Hedgeye Retail’s Take: This is interesting, actually. The boost in raw materials in cotton, oil, etc, has disproportionately not taken up leather. As such, Vietnam – which is perhaps the most skilled country from a footwear building standpoint – is likely to shift on the margin to leather. Unlikely to have a big impact in the US, but for companies that sell leather footwear in Europe are probably going to benefit. This will help Ralph Lauren, Timberland, and a host of luxury brands.

 

Jeans Makers Embrace Point-of-Sale - The hot new trend in premium denim isn’t aesthetic, but practical: a strong partnership with retailers. Jeans makers are increasing efforts to work more closely with merchants and boost their marketing and branding presence on the sales floor. While vendors have always tried to cultivate good relationships with buyers, the tenor of their new initiatives has heightened amid weak sales in the challenging economy. Taking a more proactive approach, denim companies want to keep their spots on the competitive sales floor, where stores are kicking out brands that fail to sell. “This is a bull’s-eye economy,” said Gina Bloomingdale, vice president of sales at Los Angeles-based Habitual. “People are dropping lines and closing their doors. Before, if you had a 50 percent sell-through, you were OK. Now, if you’re not getting a 60 percent sell-through, they’re not coming back to see you.” <WWD>

Hedgeye Retail’s Take: This probably leaves out the fact that the premium denim market has tanked.

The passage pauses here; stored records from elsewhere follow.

text \<open>A p-FCFS policy (FCFS within each predicted class is built into Nkl) which is
  work-conserving on the horizon [0,H]: the server only works on a predicted class that has
  jobs present and never idles while jobs are present.\<close>
definition wc_pfcfs_policy :: "nat \<Rightarrow> real \<Rightarrow> (nat \<Rightarrow> real) \<Rightarrow> (nat \<Rightarrow> real) \<Rightarrow> (nat \<Rightarrow> nat)
    \<Rightarrow> (nat \<Rightarrow> nat) \<Rightarrow> (real \<Rightarrow> nat option) \<Rightarrow> bool" where
  "wc_pfcfs_policy K H uu vv yy yh cc \<longleftrightarrow>
     (\<forall>l. {r. cc r = Some l} \<in> sets lebesgue) \<and>
     (\<forall>r\<in>{0..H}.
        (\<forall>l. cc r = Some l \<longrightarrow> l < K \<and> Nl K uu vv yy yh cc l r > 0) \<and>
        (cc r = None \<longrightarrow> (\<Sum>l<K. Nl K uu vv yy yh cc l r) = 0))"

datatype prim = PA | PC nat nat | PV nat nat

definition Prim :: "nat \<Rightarrow> prim set" where
  "Prim K = insert PA ({PC k l |k l. k < K \<and> l < K} \<union> {PV k l |k l. k < K \<and> l < K})"

definition prim_hat :: "'w measure \<Rightarrow> (nat \<Rightarrow> nat \<Rightarrow> 'w \<Rightarrow> real) \<Rightarrow> (nat \<Rightarrow> nat \<Rightarrow> 'w \<Rightarrow> real)
    \<Rightarrow> (nat \<Rightarrow> nat \<Rightarrow> 'w \<Rightarrow> 'x) \<Rightarrow> (nat \<Rightarrow> nat \<Rightarrow> 'w \<Rightarrow> nat) \<Rightarrow> ('x \<Rightarrow> nat)
    \<Rightarrow> nat \<Rightarrow> 'w \<Rightarrow> real \<Rightarrow> prim \<Rightarrow> real" where
  "prim_hat M u v X Y f n w t i =
     (let a = A0 (\<lambda>j. u n j w) (real n * t) in
      case i of
        PA \<Rightarrow> (real a - lam_n M u n * real n * t) / sqrt (real n)
      | PC k l \<Rightarrow> (real (card {j. j < a \<and> Y n j w = k \<and> f (X n j w) = l})
                   - p_n M Y n k * q_n M X Y f n k l * real a) / sqrt (real n)
      | PV k l \<Rightarrow> (\<Sum>j\<in>{j. j < a \<and> Y n j w = k \<and> f (X n j w) = l}. v n j w - 1 / mu_n M v Y n k)
                   / sqrt (real n))"
(* For every $n\ge1$, $k\ge 1$ and $\lambda\vdash n$, $$s_\lambda\!\left[\frac{1}{(1-q_1)\cdots(1-q_k)}\right]=\frac{\sum_{T\in\mathrm{SYT}(\lambda)}\sum_{\vec{\sigma}\in S_n^{\times(k-1)}} q_1^{\mathrm{comaj}^1_T(\vec{\sigma})}\cdots q_k^{\mathrm{comaj}^k_T(\vec{\sigma})}}{(q_1;q_1)_n\cdots(q_k;q_k)_n}.$$
   Context: $s_\lambda[1/((1-q_1)\cdots(1-q_k))]$ denotes the Schur function $s_\lambda$ evaluated at the infinitely many variables given by all monomials $q_1^{a_1}\cdots q_k^{a_k}$, $(a_1,\dots,a_k)\in\mathbb{N}^k$ (a formal power series). $(q;t)_r=(1-q)(1-qt)\cdots(1-qt^{r-1})$. $\mathrm{SYT}(\lambda)$ is the set of standard Young tableaux of shape $\lambda$; $\epsilon$ is the identity of $S_n$. Definitions. $\mathbb{N}=\{0,1,2,\dots\}$. Sequences in $\mathbb{N}^r$ are compared lexicographically. For $R\subseteq\{1,\dots,n-1\}$ and distinct $a,b\in\{1,\dots,n\}$, write $a\sim_R b$ if all of $\min(a,b),\dots,\max(a,b)-1$ lie in $R$. For $S=(s^1,\dots,s^n)\in(\mathbb{N}^r)^n$ (if $r=0$, all $s^i$ are empty and equal) and $\sigma=\sigma_1\cdots\sigma_n\in S_n$, $\mathrm{Des}_{R,S}(\sigma)$ is the set of $i\in\{1,\dots,n-1\}$ such that either $s^{\sigma_i}>s^{\sigma_{i+1}}$, or $s^{\sigma_i}=s^{\sigma_{i+1}}$ and either ($\sigma_{i+1}<\sigma_i$ and not $\sigma_{i+1}\sim_R\sigma_i$) or ($\sigma_{i+1}>\sigma_i$ and $\sigma_i\sim_R\sigma_{i+1}$). $\mathrm{Comaj}_{R,S}(\sigma)=\sum_{i\in\mathrm{Des}_{R,S}(\sigma)}(n-i)$. $Z_{R,\sigma}(S)=(z^1,\dots,z^n)\in(\mathbb{N}^{r+1})^n$, where $z^j$ is $s^j$ with a first coordinate $z^j_1$ prepended, $z^{\sigma_i}_1=\#\{j<i: j\in\mathrm{Des}_{R,S}(\sigma)\}$. For $\vec{\pi}=(\pi^1,\dots,\pi^{k-1})\in S_n^{\times(k-1)}$ set $\pi^k=\epsilon$, $Z^0=$ list of $n$ empty sequences, $Z^i=Z_{R,\pi^i}(Z^{i-1})$, and $\mathrm{comaj}^i_R(\vec{\pi})=\mathrm{Comaj}_{R,Z^{i-1}}(\pi^i)$ for $1\le i\le k$. For a standard tableau $T$ with $n$ cells, $\mathrm{des}(T)$ is the set of $i$ such that $i+1$ lies in a strictly lower row than $i$ (English notation), and $\mathrm{comaj}^i_T=\mathrm{comaj}^i_{\mathrm{des}(T)}$. *)

theory Defs
  imports "HOL-Combinatorics.Permutations" "HOL-Computational_Algebra.Polynomial"
begin

definition is_partition :: "nat \<Rightarrow> nat list \<Rightarrow> bool" where
  "is_partition n la \<longleftrightarrow> sorted_wrt (\<ge>) la \<and> 0 \<notin> set la \<and> sum_list la = n"

definition cells :: "nat list \<Rightarrow> (nat \<times> nat) set" where
  "cells la = {(i, j). i < length la \<and> j < la ! i}"

text \<open>A standard tableau is a bijection from the cells onto {1..n}, increasing along rows
  and down columns; it is fixed to 0 outside the diagram so that SYT(lambda) is a finite set.\<close>
definition is_syt :: "nat \<Rightarrow> nat list \<Rightarrow> (nat \<times> nat \<Rightarrow> nat) \<Rightarrow> bool" where
  "is_syt n la T \<longleftrightarrow> bij_betw T (cells la) {1..n}
     \<and> (\<forall>c. c \<notin> cells la \<longrightarrow> T c = 0)
     \<and> (\<forall>i j. (i, Suc j) \<in> cells la \<longrightarrow> T (i, j) < T (i, Suc j))
     \<and> (\<forall>i j. (Suc i, j) \<in> cells la \<longrightarrow> T (i, j) < T (Suc i, j))"

definition SYT :: "nat \<Rightarrow> nat list \<Rightarrow> (nat \<times> nat \<Rightarrow> nat) set" where
  "SYT n la = {T. is_syt n la T}"

definition syt_des :: "nat \<Rightarrow> nat list \<Rightarrow> (nat \<times> nat \<Rightarrow> nat) \<Rightarrow> nat set" where
  "syt_des n la T = {i \<in> {1..n-1}.
      fst (inv_into (cells la) T i) < fst (inv_into (cells la) T (Suc i))}"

Interesting, though, to see smaller retailers behave so rationally. It’s a shame that department stores don’t have the luxury to boot out a brand that is ‘only’ putting up a 50% sell-through.

 

Dolce & Gabbana Expanding in China - Italian fashion brand Dolce & Gabbana unveiled plans for 15 new stores across China in an effort to boost business in the world's fastest-growing luxury-goods market. The company currently operates 26 stores in China, including Hong Kong. The fashion house, which has become a major global business in the past decade, said the 15 new boutiques will be opened within the next two years.  It also plans to introduce a high-end cosmetics line developed with consumer-goods giant Procter & Gamble Co., according to designers Domenico Dolce and Stefano Gabbana, in an interview on Monday. D&G and P&G several years ago forged a partnership to produce fragrances and cosmetics. <WallstreetJournal>

Hedgeye Retail’s Take: There 's plenty of room for continued expansion in China off a low base; however, the cosmetics line is the real callout here. Given the brand's loyal customer base and successful foray into fragrance, This is a natural extension that could ramp quickly for the company.